This is a bug that took so long to track down, I had to write it somewhere.
The wrong code was:
radio('new-page').subscribe = -> # handle new pages
It should have been
radio('new-page').subscribe -> # handle new pages
The first call was actually over-writing the radio subscribe() function, so no further handlers were actually getting registered.
This does happen quite a bit with CoffeeScript. By wiping out all the parentheses and other junk, it leaves just a few symbols which sometimes are necessary and sometimes not. e.g. with jQuery onclick registration ($('button').on 'click', -> ....
), one has to stop and think if there’s a comma or not. Everything else is natural it flows staight from the lizard brain and onto the screen, but not the damn comma. Hopefully there will be some nicer syntax highlighters and run-time diagnostics to catch this kind of thing in the future.
What phased me about this was it was working on desktop, but not Android. Thought it might be some Android quirk. But it’s because I’ve customised the basic player for android, so this code was only actually executed for Android.

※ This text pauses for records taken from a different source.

lemma convex_on_integral:
  fixes f :: "'b::real_vector \<Rightarrow> 'a \<Rightarrow> real"
  assumes f: "\<And>\<omega>. convex_on S (\<lambda>x. f x \<omega>)" and int: "\<And>x. x \<in> S \<Longrightarrow> integrable M (f x)"
  shows "convex_on S (\<lambda>x. integral\<^sup>L M (f x))"
proof -
  have "convex S" using f by (auto simp: convex_on_def)
  moreover have "integral\<^sup>L M (f (u *\<^sub>R x + v *\<^sub>R y)) \<le> u * integral\<^sup>L M (f x) + v * integral\<^sup>L M (f y)"
    if "x \<in> S" "y \<in> S" "u \<ge> 0" "v \<ge> 0" "u + v = 1" for x y u v
  proof -
    have "u *\<^sub>R x + v *\<^sub>R y \<in> S" using \<open>convex S\<close> that by (simp add: convex_def)
    then have "integral\<^sup>L M (f (u *\<^sub>R x + v *\<^sub>R y)) \<le> integral\<^sup>L M (\<lambda>\<omega>. u * f x \<omega> + v * f y \<omega>)"
      using f that int by (intro integral_mono) (auto simp: convex_on_def)
    also have "\<dots> = u * integral\<^sup>L M (f x) + v * integral\<^sup>L M (f y)"
      using int that by simp
    finally show ?thesis .
  qed
  ultimately show ?thesis unfolding convex_on_def by blast
qed

lemma F_C_eq_F_Delta_inner: "F_C M Z eps Ys \<theta> = F_Delta M Z eps Ys (\<lambda>y. \<theta> \<bullet> y)"
  unfolding F_C_def F_Delta_def by (simp add: inner_add_left)

lemma F_Delta_cong:
  assumes "\<And>y. y \<in> Ys \<Longrightarrow> s y = s' y"
  shows "F_Delta M Z eps Ys s = F_Delta M Z eps Ys s'"
  unfolding F_Delta_def using assms by (simp cong: image_cong)

lemma convex_on_F_Delta:
  assumes "prob_space M" "integrable M Z" "finite Ys" "Ys \<noteq> {}"
  shows "convex_on UNIV (F_Delta M Z eps Ys)"
proof -
  interpret prob_space M by (rule assms(1))
  have affine: "convex_on UNIV (\<lambda>s. s y + eps * (Z \<omega> \<bullet> y))" for y \<omega>
    by (rule convex_onI) (simp_all add: scaleR_fun_def algebra_simps)
  have "convex_on UNIV (\<lambda>s. Max ((\<lambda>y. s y + eps * (Z \<omega> \<bullet> y)) ` Ys))" for \<omega>
    using assms(3,4) affine by (rule convex_on_Max)
  moreover have "integrable M (\<lambda>\<omega>. Max ((\<lambda>y. s y + eps * (Z \<omega> \<bullet> y)) ` Ys))" for s
    using assms(2-4) by (intro integrable_Max) auto
  ultimately show ?thesis
    unfolding F_Delta_def by (rule convex_on_integral)
qed

theorem proposition8:
  fixes M :: "'a measure" and Z :: "'a \<Rightarrow> real^'d" and Ys :: "(real^'d) set"
    and eps :: real and f :: "real^'d \<Rightarrow> real" and \<mu> :: "real^'d"
  assumes "finite Ys" and "Ys \<noteq> {}"
    and "\<And>y. y \<in> Ys \<Longrightarrow> y \<notin> convex hull (Ys - {y})"
    and "eps > 0"
    and "prob_space M"
    and "f \<in> borel_measurable borel" and "\<And>z. f z > 0"
    and "distributed M lborel Z (\<lambda>z. ennreal (f z))"
    and "integrable M Z"
    and "prob_space.expectation M Z = 0"
  shows "conj_vec (F_C M Z eps Ys) \<mu>
           = (INF q \<in> {q. Ymat Ys q = \<mu>}. conj_fun Ys (F_Delta M Z eps Ys) q)"
proof -
  have convex: "convex_on UNIV (F_Delta M Z eps Ys)"
    using \<open>prob_space M\<close> \<open>integrable M Z\<close> \<open>finite Ys\<close> \<open>Ys \<noteq> {}\<close> by (rule convex_on_F_Delta)
  have "F_C M Z eps Ys = (\<lambda>\<theta>. F_Delta M Z eps Ys (\<lambda>y. \<theta> \<bullet> y))"
    by (simp add: fun_eq_iff F_C_eq_F_Delta_inner)
  moreover have "conj_vec (\<lambda>\<theta>. F_Delta M Z eps Ys (\<lambda>y. \<theta> \<bullet> y)) \<mu>
      = (INF q \<in> {q. Ymat Ys q = \<mu>}. conj_fun Ys (F_Delta M Z eps Ys) q)"
    by (rule conj_vec_comp_inner_eq_INF_conj_fun[OF \<open>finite Ys\<close> convex]) (rule F_Delta_cong)
  ultimately show ?thesis by simp
qed

end
lemma sc_zero_left [simp]: "sc 0 x = 0"
  using sc_add_scalar[of 0 0 x] by simp
lemma sc_zero_right [simp]: "sc c 0 = 0"
  using sc_add[of c 0 0] by simp
lemma sc_minus: "sc c (- x) = - sc c x"
  using sc_add[of c x "-x"] minus_unique[of "sc c x" "sc c (-x)"] by simp
lemma sc_diff: "sc c (x - y) = sc c x - sc c y"
  using sc_add[of c x "-y"] sc_minus by simp
lemma sc_minus_one: "sc (-1) x = - x"
  using sc_add_scalar[of 1 "-1" x] minus_unique[of x "sc (-1) x"] by simp

lemma ip_add_right: "ip x (y + z) = ip x y + ip x z"
  using ip_swap[of x "y+z"] ip_add_left[of y z x] ip_swap[of x y] ip_swap[of x z] by simp
lemma ip_sc_right: "ip x (sc c y) = cnj c * ip x y"
  using ip_swap[of x "sc c y"] ip_sc_left[of c y x] ip_swap[of x y] by simp
lemma ip_zero_left [simp]: "ip 0 y = 0" using ip_sc_left[of 0 0 y] by simp
lemma ip_zero_right [simp]: "ip x 0 = 0" using ip_sc_right[of x 0 0] by simp
lemma ip_minus_left: "ip (- x) y = - ip x y" using ip_sc_left[of "-1" x y] sc_minus_one by simp
lemma ip_minus_right: "ip x (- y) = - ip x y" using ip_sc_right[of x "-1" y] sc_minus_one by simp
lemma ip_diff_left: "ip (x - y) z = ip x z - ip y z"
  using ip_add_left[of x "-y" z] ip_minus_left by simp
lemma ip_diff_right: "ip x (y - z) = ip x y - ip x z"
  using ip_add_right[of x y "-z"] ip_minus_right by simp

lemmas ip_simps = ip_add_left ip_add_right ip_sc_left ip_sc_right
  ip_diff_left ip_diff_right ip_minus_left ip_minus_right

lemma ip_self: "ip x x = complex_of_real (Re (ip x x))"
  using ip_self_nonneg[of x] by (simp add: complex_eq_iff)

lemma nm_sq: "(nm x)^2 = Re (ip x x)"
  unfolding hnorm_def using ip_self_nonneg(2)[of x] by simp
lemma nm_nonneg [simp]: "nm x \<ge> 0"
  unfolding hnorm_def using ip_self_nonneg(2)[of x] by simp
lemma nm_zero [simp]: "nm 0 = 0"
  unfolding hnorm_def by simp
lemma nm_eq_0_iff: "nm x = 0 \<longleftrightarrow> x = 0"
proof
  assume "nm x = 0"
  then have "ip x x = 0" using nm_sq[of x] ip_self[of x] by simp
  then show "x = 0" by (rule ip_self_eq_0D)
qed simp
lemma nm_pos: "x \<noteq> 0 \<Longrightarrow> nm x > 0"
  using nm_eq_0_iff nm_nonneg[of x] by (simp add: less_le)
lemma ip_self_nm: "ip x x = complex_of_real ((nm x)^2)"
  using ip_self nm_sq by simp

lemma nm_sc: "nm (sc c x) = cmod c * nm x"
proof -
  have "ip (sc c x) (sc c x) = complex_of_real ((cmod c)^2) * ip x x"
    using complex_norm_square[of c] by (simp add: ip_sc_left ip_sc_right mult.assoc)
  then have "Re (ip (sc c x) (sc c x)) = (cmod c)^2 * Re (ip x x)"
    by simp
  then show ?thesis unfolding hnorm_def by (simp add: real_sqrt_mult)
qed
lemma nm_minus: "nm (- x) = nm x"
  using nm_sc[of "-1" x] sc_minus_one by simp
lemma nm_diff_commute: "nm (x - y) = nm (y - x)"
  using nm_minus[of "x - y"] by simp
(* Let $\varphi$ be a Lagrangian flow associated with $v\in L^2([0,1],H^1_0([0,1]))$, and let $\psi$ be a generalized inverse of $\varphi$ in the space variable, e.g. $\psi(t,y)=\inf\{x\in[0,1]:\varphi(t,x)\ge y\}$. Then the distributional derivative $\partial_{tx}\varphi$ on $D=[0,1]^2$ is a Radon measure, and for every $f\in C^2(D)$, $$\int_D \partial_x v(t,y)\, f(t,\psi(t,y))\,dy\,dt=\langle\partial_{tx}\varphi,f\rangle .$$
   Context: Definition (Lagrangian flow): let $v\in L^1([0,1],C([0,1]))$. A map $\varphi:[0,1]\times[0,1]\to[0,1]$, $(t,x)\mapsto\varphi(t,x)$, is a Lagrangian flow associated with $v$ if (i) $x\mapsto\varphi(t,x)$ is nondecreasing for every $t$, and (ii) for every $x$ the map $t\mapsto\varphi(t,x)$ is absolutely continuous and $\varphi(t,x)-\varphi(s,x)=\int_s^t v(r,\varphi(r,x))\,dr$ for all $0\le s<t\le 1$. *)

theory Defs
  imports "HOL-Analysis.Analysis"
begin

abbreviation unit_square :: "(real \<times> real) set" where
  "unit_square \<equiv> {0..1} \<times> {0..1}"

definition abs_cont_on :: "real set \<Rightarrow> (real \<Rightarrow> real) \<Rightarrow> bool" where
  "abs_cont_on I g \<longleftrightarrow>
     (\<forall>e>0. \<exists>d>0. \<forall>(n::nat) (a::nat \<Rightarrow> real) b.
        (\<forall>i<n. a i \<in> I \<and> b i \<in> I \<and> a i \<le> b i) \<and>
        (\<forall>i. Suc i < n \<longrightarrow> b i \<le> a (Suc i)) \<and>
        (\<Sum>i<n. b i - a i) < d
        \<longrightarrow> (\<Sum>i<n. \<bar>g (b i) - g (a i)\<bar>) < e)"
(* Let $\mathcal{D}$ be a category containing all finite connected colimits. Then $\mathrm{Tw}(\mathcal{D})$ has all pushouts.
   Context: For a category $\mathcal{D}$, the Grothendieck twist $\mathrm{Tw}(\mathcal{D})$ is the category whose objects are finite families $\{a_i\}_{i\in I}$ ($I$ a finite set, each $a_i$ an object of $\mathcal{D}$), and whose morphisms $\{a_i\}_{i\in I}\to\{b_j\}_{j\in J}$ are pairs consisting of a function $f:I\to J$ and morphisms $F_i:a_i\to b_{f(i)}$ in $\mathcal{D}$ for all $i\in I$; composition composes set maps and components. *)

theory Defs
  imports "HOL-Library.FuncSet"
begin

record ('o, 'a) cat =
  Obj :: "'o set"
  Arr :: "'a set"
  Dom :: "'a \<Rightarrow> 'o"
  Cod :: "'a \<Rightarrow> 'o"
  Id  :: "'o \<Rightarrow> 'a"
  Comp :: "'a \<Rightarrow> 'a \<Rightarrow> 'a"   (* Comp C g f = g \<circ> f *)

definition category :: "('o, 'a, 'm) cat_scheme \<Rightarrow> bool" where
  "category C \<longleftrightarrow>
     (\<forall>f\<in>Arr C. Dom C f \<in> Obj C \<and> Cod C f \<in> Obj C) \<and>
     (\<forall>x\<in>Obj C. Id C x \<in> Arr C \<and> Dom C (Id C x) = x \<and> Cod C (Id C x) = x) \<and>
     (\<forall>f\<in>Arr C. \<forall>g\<in>Arr C. Cod C f = Dom C g \<longrightarrow>
        Comp C g f \<in> Arr C \<and> Dom C (Comp C g f) = Dom C f \<and> Cod C (Comp C g f) = Cod C g) \<and>
     (\<forall>f\<in>Arr C. Comp C f (Id C (Dom C f)) = f \<and> Comp C (Id C (Cod C f)) f = f) \<and>
     (\<forall>f\<in>Arr C. \<forall>g\<in>Arr C. \<forall>h\<in>Arr C. Cod C f = Dom C g \<longrightarrow> Cod C g = Dom C h \<longrightarrow>
        Comp C h (Comp C g f) = Comp C (Comp C h g) f)"

definition is_functor :: "('p, 'b, 'n) cat_scheme \<Rightarrow> ('o, 'a, 'm) cat_scheme \<Rightarrow>
    ('p \<Rightarrow> 'o) \<Rightarrow> ('b \<Rightarrow> 'a) \<Rightarrow> bool" where
  "is_functor J C Fo Fa \<longleftrightarrow>
     (\<forall>j\<in>Obj J. Fo j \<in> Obj C) \<and>
     (\<forall>u\<in>Arr J. Fa u \<in> Arr C \<and> Dom C (Fa u) = Fo (Dom J u) \<and> Cod C (Fa u) = Fo (Cod J u)) \<and>
     (\<forall>j\<in>Obj J. Fa (Id J j) = Id C (Fo j)) \<and>
     (\<forall>u\<in>Arr J. \<forall>v\<in>Arr J. Cod J u = Dom J v \<longrightarrow> Fa (Comp J v u) = Comp C (Fa v) (Fa u))"

definition connected_cat :: "('p, 'b, 'n) cat_scheme \<Rightarrow> bool" where
  "connected_cat J \<longleftrightarrow> Obj J \<noteq> {} \<and>
     (\<forall>x\<in>Obj J. \<forall>y\<in>Obj J.
        (x, y) \<in> ({(Dom J u, Cod J u) | u. u \<in> Arr J} \<union> {(Cod J u, Dom J u) | u. u \<in> Arr J})\<^sup>*)"
(* Suppose $\rho,\sigma\in\mathbb{C}^{d\times d}$ are quantum states with $D_H^2(\rho\|\sigma)\le\varepsilon$, where $0 < \varepsilon \le 2$. Then for $\sigma' = \Delta_{\varepsilon/2}(\sigma)$ we have $D_{KL}(\rho\|\sigma') \le 4\varepsilon\,(2 + \ln(2d/\varepsilon))$.
   Context: $D_H^2(\rho\|\sigma) = \mathrm{tr}((\sqrt\rho-\sqrt\sigma)^2)$. For $0\le\epsilon\le1$, $\Delta_\epsilon(\sigma) = (1-\epsilon)\sigma + \epsilon I/d$. $D_{KL}(\rho\|\sigma)=\mathrm{tr}(\rho(\ln\rho-\ln\sigma))$. *)

theory Defs
  imports Complex_Main "Jordan_Normal_Form.Matrix"
begin

definition ctrace :: "complex mat \<Rightarrow> complex" where
  "ctrace A = (\<Sum>i<dim_row A. A $$ (i,i))"

definition cadj :: "complex mat \<Rightarrow> complex mat" where
  "cadj A = mat (dim_col A) (dim_row A) (\<lambda>(i,j). cnj (A $$ (j,i)))"

definition unitary_mat :: "nat \<Rightarrow> complex mat \<Rightarrow> bool" where
  "unitary_mat d U \<longleftrightarrow> U \<in> carrier_mat d d \<and> U * cadj U = 1\<^sub>m d \<and> cadj U * U = 1\<^sub>m d"

definition hermitian_mat :: "nat \<Rightarrow> complex mat \<Rightarrow> bool" where
  "hermitian_mat d A \<longleftrightarrow> A \<in> carrier_mat d d \<and> cadj A = A"

definition rdiag :: "nat \<Rightarrow> (nat \<Rightarrow> real) \<Rightarrow> complex mat" where
  "rdiag d l = mat d d (\<lambda>(i,j). if i = j then complex_of_real (l i) else 0)"

definition psd_mat :: "nat \<Rightarrow> complex mat \<Rightarrow> bool" where
  "psd_mat d A \<longleftrightarrow> hermitian_mat d A \<and>
     (\<forall>v \<in> carrier_vec d. 0 \<le> Re (conjugate v \<bullet> (A *\<^sub>v v)))"

definition quantum_state :: "nat \<Rightarrow> complex mat \<Rightarrow> bool" where
  "quantum_state d \<rho> \<longleftrightarrow> psd_mat d \<rho> \<and> ctrace \<rho> = 1"

text \<open>Functional calculus for Hermitian matrices via a spectral decomposition
  A = U diag(l) U^*; the result is independent of the chosen decomposition.\<close>
definition mat_fun :: "nat \<Rightarrow> (real \<Rightarrow> real) \<Rightarrow> complex mat \<Rightarrow> complex mat" where
  "mat_fun d f A = (SOME B. \<exists>U l. unitary_mat d U \<and> A = U * rdiag d l * cadj U \<and>
                              B = U * rdiag d (f \<circ> l) * cadj U)"
(* Let $r\ge1$ be an integer, $P\in\Pi_r^d$, $\mathbf{x}\in\mathbb{S}^d$, $\delta\in(0,2]$. Then $$\|P\|_\infty\le\left(\frac4\delta\right)^{2r}\|P\|_{\infty,\mathbb{B}(\mathbf{x},\delta)}.$$
   Context: $\mathbb{S}^d$ is the unit sphere of $\mathbb{R}^{d+1}$, $\mathbb{B}(\mathbf{x},\delta)=\{\mathbf{y}\in\mathbb{S}^d:|\mathbf{x}-\mathbf{y}|_{d+1}\le\delta\}$ with $|\cdot|_{d+1}$ the Euclidean norm; $\Pi_r^d$ is the space of restrictions to $\mathbb{S}^d$ of algebraic polynomials in $d+1$ variables of total degree $<r$; $\|P\|_\infty=\sup_{\mathbb{S}^d}|P|$ and $\|P\|_{\infty,B}=\sup_B|P|$. *)

theory Defs
  imports "HOL-Analysis.Analysis"
begin

text \<open>Real polynomials in the coordinates of \<open>real^'n\<close> (here \<open>CARD('n) = d+1\<close>)
  of total degree \<open>< r\<close>, written out as finite sums of monomials.
  The space \<open>\<Pi>_r^d\<close> consists of the restrictions of such functions to the unit sphere.\<close>
definition poly_deg_lt :: "nat \<Rightarrow> (real^'n \<Rightarrow> real) \<Rightarrow> bool" where
  "poly_deg_lt r P \<longleftrightarrow>
     (\<exists>c :: ('n \<Rightarrow> nat) \<Rightarrow> real.
        finite {\<alpha>. c \<alpha> \<noteq> 0} \<and>
        (\<forall>\<alpha>. c \<alpha> \<noteq> 0 \<longrightarrow> (\<Sum>i\<in>UNIV. \<alpha> i) < r) \<and>
        (\<forall>x. P x = (\<Sum>\<alpha>\<in>{\<alpha>. c \<alpha> \<noteq> 0}. c \<alpha> * (\<Prod>i\<in>UNIV. (x $ i) ^ \<alpha> i))))"

definition sph_cap :: "real^'n \<Rightarrow> real \<Rightarrow> (real^'n) set" where
  "sph_cap x \<delta> = {y \<in> sphere 0 1. norm (x - y) \<le> \<delta>}"

end

theory Submission
  imports Defs "HOL-Computational_Algebra.Polynomial"
begin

Anyway, if there’s one useful thing I can say about this: Remy’s jsConsole tool rocks! Seriously. It helped me get Player FM working on Windows Phone IE the other day and it got me out of this fine Android pickle today. With Android Browser, you can get a basic console with about:debug, but it’s rubbish. Silently fails a lot of the time, only shows the first console log argument, no command-line history or completion so you’re typing like it’s a 2003 SMS. jsConsole makes it real easy. Just put something like this in your HTML layout (for Rails/Haml):
<pre>
-if Rails.env.development?
<script src="http://jsconsole.com/remote.js?myawesomeapp"></script>
</pre>
Then visit jsConsole and type :listen myawesomeapp
. Now you have a grown-up’s console.